■ About this task: Below are the records; copy each line in which "assms" can be found.

Records from a data collection
====
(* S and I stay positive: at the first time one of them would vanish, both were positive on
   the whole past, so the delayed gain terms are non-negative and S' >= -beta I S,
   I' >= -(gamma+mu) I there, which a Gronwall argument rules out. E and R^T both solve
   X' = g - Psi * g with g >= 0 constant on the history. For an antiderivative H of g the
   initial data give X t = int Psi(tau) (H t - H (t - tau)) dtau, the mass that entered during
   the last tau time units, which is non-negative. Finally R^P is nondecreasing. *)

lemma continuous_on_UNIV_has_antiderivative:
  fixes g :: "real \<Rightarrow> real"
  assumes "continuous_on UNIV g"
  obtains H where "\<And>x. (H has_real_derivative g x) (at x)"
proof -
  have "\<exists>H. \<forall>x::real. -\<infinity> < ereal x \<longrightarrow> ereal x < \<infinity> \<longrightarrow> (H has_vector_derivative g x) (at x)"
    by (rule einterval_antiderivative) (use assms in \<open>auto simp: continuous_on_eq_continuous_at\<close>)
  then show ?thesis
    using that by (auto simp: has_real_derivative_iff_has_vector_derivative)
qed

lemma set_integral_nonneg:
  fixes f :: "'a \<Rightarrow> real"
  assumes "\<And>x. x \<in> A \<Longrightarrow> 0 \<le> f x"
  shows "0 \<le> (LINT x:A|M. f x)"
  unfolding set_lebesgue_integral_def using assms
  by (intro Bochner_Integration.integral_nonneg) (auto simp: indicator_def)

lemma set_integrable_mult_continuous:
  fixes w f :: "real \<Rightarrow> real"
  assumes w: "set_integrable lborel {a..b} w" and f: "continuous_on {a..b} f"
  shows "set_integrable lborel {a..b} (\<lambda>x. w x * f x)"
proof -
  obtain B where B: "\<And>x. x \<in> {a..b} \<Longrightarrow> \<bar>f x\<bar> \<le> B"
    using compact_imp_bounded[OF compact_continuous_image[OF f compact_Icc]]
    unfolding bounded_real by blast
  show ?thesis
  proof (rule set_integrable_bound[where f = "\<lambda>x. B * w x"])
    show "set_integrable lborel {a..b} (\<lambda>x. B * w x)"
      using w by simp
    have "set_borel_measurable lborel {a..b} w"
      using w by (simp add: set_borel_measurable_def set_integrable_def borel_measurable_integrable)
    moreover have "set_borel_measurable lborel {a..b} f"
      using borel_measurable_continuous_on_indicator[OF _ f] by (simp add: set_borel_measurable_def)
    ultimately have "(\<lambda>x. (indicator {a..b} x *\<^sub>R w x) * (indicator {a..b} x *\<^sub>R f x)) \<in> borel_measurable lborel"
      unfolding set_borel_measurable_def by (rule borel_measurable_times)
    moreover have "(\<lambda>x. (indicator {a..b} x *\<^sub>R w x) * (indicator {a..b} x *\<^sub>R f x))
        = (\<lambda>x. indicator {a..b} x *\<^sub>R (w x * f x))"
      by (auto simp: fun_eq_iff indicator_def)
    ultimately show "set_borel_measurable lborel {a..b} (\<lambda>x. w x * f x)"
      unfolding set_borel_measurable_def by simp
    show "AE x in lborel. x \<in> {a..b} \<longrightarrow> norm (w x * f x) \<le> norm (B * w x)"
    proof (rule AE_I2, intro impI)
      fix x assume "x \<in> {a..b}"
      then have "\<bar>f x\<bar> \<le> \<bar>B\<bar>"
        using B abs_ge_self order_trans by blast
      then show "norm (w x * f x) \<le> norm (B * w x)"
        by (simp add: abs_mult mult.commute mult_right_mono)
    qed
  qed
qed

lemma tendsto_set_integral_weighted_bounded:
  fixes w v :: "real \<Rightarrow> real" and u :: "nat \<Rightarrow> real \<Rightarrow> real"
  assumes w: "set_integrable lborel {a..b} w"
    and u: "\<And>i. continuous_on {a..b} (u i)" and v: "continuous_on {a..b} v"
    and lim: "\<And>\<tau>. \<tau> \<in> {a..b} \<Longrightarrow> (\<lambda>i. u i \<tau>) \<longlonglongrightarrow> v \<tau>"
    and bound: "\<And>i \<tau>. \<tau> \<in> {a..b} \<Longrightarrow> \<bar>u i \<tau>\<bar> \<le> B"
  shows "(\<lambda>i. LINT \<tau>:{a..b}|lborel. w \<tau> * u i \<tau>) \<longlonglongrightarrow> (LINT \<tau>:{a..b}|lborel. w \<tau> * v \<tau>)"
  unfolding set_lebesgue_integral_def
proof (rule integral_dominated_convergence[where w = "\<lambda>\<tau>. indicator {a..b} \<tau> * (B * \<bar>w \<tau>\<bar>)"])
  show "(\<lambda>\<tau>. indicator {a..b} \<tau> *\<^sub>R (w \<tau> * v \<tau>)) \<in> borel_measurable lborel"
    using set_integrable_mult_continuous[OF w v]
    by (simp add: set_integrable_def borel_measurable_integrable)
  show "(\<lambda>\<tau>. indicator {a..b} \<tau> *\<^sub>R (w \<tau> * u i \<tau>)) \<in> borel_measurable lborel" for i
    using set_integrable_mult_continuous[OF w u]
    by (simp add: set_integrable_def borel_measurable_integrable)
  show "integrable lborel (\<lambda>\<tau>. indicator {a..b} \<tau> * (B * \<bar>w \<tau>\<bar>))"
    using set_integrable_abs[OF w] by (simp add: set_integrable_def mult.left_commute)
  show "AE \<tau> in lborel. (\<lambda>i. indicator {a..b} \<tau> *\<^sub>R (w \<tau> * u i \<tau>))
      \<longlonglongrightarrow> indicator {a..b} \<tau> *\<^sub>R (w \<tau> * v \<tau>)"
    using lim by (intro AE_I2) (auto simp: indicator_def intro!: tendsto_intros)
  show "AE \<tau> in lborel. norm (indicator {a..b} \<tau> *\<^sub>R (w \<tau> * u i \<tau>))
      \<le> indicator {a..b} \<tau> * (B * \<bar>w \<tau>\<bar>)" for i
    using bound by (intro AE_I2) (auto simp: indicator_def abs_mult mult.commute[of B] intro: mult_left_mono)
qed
====
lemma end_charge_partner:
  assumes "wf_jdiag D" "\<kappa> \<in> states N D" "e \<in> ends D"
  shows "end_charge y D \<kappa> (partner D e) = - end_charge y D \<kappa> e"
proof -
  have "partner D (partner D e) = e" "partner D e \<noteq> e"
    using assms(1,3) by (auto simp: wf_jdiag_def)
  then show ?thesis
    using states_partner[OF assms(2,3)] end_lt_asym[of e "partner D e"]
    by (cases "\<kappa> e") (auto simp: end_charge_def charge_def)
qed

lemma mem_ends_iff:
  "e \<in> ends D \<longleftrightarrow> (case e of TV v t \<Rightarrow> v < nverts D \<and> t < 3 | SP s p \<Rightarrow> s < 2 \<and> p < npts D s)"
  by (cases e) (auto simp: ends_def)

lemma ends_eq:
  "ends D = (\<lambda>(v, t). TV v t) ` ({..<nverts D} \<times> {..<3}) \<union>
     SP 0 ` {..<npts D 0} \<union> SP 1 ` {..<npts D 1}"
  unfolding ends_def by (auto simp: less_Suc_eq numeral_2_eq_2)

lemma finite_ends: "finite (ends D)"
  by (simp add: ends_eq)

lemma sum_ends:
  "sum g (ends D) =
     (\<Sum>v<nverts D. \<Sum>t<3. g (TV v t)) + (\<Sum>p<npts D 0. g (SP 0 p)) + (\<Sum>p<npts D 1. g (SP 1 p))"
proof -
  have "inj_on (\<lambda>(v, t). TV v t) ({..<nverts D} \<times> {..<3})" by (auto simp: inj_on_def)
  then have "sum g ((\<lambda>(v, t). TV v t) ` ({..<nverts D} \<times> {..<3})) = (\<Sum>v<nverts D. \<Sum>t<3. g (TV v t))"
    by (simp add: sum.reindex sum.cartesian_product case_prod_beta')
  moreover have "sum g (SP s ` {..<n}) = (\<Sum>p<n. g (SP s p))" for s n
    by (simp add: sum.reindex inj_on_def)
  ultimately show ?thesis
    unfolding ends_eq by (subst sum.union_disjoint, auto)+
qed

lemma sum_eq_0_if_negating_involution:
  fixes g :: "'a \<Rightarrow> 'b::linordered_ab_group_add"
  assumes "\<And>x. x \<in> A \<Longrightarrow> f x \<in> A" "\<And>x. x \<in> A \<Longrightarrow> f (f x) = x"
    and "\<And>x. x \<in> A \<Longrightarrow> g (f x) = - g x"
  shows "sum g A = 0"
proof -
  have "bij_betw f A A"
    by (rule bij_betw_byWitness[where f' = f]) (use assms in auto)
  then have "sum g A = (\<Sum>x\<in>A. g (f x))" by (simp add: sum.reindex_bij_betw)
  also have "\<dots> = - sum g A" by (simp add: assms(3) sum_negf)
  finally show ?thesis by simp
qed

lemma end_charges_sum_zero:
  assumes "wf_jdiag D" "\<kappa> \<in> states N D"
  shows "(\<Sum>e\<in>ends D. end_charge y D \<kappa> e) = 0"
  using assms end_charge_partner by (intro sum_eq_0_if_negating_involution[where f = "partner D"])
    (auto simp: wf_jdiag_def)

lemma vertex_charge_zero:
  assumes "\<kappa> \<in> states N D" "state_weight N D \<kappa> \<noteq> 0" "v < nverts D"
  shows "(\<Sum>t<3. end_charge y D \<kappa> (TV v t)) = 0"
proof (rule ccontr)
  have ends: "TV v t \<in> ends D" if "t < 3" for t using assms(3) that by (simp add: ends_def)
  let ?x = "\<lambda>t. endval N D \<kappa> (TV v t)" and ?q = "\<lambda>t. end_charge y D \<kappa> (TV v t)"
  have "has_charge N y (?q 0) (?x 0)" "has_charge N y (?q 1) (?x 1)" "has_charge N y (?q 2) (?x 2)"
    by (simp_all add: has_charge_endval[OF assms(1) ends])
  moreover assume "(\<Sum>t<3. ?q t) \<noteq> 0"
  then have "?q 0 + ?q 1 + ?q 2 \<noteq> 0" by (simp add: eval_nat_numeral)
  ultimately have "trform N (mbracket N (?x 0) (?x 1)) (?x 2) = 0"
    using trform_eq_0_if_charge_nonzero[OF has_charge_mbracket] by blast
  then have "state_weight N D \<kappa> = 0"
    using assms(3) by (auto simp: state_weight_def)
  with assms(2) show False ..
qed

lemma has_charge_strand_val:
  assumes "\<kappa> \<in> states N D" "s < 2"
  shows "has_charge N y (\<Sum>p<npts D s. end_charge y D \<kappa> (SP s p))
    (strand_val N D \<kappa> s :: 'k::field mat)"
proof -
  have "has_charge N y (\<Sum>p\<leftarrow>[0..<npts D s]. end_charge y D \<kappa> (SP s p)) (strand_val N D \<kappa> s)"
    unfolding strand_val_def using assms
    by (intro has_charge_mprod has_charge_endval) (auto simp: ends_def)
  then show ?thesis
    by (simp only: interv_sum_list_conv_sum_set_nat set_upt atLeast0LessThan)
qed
====
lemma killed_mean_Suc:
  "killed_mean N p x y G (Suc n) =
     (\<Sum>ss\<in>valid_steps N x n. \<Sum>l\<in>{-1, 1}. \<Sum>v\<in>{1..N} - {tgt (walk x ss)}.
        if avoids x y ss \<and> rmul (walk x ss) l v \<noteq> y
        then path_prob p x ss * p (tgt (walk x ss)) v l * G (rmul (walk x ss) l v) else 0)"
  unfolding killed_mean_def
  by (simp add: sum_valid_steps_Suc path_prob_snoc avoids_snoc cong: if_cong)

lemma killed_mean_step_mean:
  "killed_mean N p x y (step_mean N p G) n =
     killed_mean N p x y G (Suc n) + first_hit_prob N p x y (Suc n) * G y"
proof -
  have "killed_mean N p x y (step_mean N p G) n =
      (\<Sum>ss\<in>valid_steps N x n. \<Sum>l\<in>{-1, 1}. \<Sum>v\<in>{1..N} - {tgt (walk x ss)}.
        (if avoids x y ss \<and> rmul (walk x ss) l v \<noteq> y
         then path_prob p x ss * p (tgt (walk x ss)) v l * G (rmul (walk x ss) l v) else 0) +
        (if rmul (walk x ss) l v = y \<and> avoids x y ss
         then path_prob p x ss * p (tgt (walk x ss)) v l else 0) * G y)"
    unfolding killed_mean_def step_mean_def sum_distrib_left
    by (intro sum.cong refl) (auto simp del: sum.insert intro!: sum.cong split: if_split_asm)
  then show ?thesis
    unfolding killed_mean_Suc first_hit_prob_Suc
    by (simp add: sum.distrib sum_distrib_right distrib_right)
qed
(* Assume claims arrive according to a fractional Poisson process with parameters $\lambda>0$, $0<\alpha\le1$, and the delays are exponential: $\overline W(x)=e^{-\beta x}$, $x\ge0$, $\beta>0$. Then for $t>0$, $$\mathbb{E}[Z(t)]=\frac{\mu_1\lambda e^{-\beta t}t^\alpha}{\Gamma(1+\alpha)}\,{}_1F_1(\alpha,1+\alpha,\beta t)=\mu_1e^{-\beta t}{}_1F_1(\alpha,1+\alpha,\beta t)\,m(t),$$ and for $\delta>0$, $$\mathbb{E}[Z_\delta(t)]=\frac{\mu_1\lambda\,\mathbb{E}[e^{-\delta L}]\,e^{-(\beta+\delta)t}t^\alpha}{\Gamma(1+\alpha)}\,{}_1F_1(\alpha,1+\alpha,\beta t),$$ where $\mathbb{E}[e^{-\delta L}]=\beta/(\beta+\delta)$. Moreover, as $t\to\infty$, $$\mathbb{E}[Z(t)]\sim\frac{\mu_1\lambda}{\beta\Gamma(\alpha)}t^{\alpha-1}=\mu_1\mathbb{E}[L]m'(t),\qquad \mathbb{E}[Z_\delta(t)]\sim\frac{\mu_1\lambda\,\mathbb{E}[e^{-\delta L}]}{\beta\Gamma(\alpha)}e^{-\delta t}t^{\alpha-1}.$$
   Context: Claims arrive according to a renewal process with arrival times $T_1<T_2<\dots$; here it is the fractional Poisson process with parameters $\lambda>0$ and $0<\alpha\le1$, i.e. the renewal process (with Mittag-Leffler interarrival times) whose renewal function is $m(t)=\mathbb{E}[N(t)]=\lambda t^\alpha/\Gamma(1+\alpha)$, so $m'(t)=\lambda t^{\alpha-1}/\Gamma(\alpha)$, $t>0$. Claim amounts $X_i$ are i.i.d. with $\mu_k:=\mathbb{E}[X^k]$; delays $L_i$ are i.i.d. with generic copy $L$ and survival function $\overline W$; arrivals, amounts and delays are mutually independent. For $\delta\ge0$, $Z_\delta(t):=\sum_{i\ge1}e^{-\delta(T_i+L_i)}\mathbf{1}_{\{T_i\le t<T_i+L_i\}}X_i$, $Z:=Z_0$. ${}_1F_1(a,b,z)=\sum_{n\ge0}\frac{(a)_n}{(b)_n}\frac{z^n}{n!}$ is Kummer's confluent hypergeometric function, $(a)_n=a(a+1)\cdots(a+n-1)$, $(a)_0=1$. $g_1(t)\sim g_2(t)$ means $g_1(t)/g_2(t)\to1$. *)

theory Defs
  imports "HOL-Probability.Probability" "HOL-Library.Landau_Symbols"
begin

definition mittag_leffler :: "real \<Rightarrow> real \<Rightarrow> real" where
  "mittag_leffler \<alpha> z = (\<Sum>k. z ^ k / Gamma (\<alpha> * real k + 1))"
====
■ Written solution:
    by (rule einterval_antiderivative) (use assms in \<open>auto simp: continuous_on_eq_continuous_at\<close>)
  unfolding set_lebesgue_integral_def using assms
    using assms(1,3) by (auto simp: wf_jdiag_def)
    using states_partner[OF assms(2,3)] end_lt_asym[of e "partner D e"]
    by (rule bij_betw_byWitness[where f' = f]) (use assms in auto)
  also have "\<dots> = - sum g A" by (simp add: assms(3) sum_negf)
  using assms end_charge_partner by (intro sum_eq_0_if_negating_involution[where f = "partner D"])
  have ends: "TV v t \<in> ends D" if "t < 3" for t using assms(3) that by (simp add: ends_def)
    by (simp_all add: has_charge_endval[OF assms(1) ends])
    using assms(3) by (auto simp: state_weight_def)
  with assms(2) show False ..
    unfolding strand_val_def using assms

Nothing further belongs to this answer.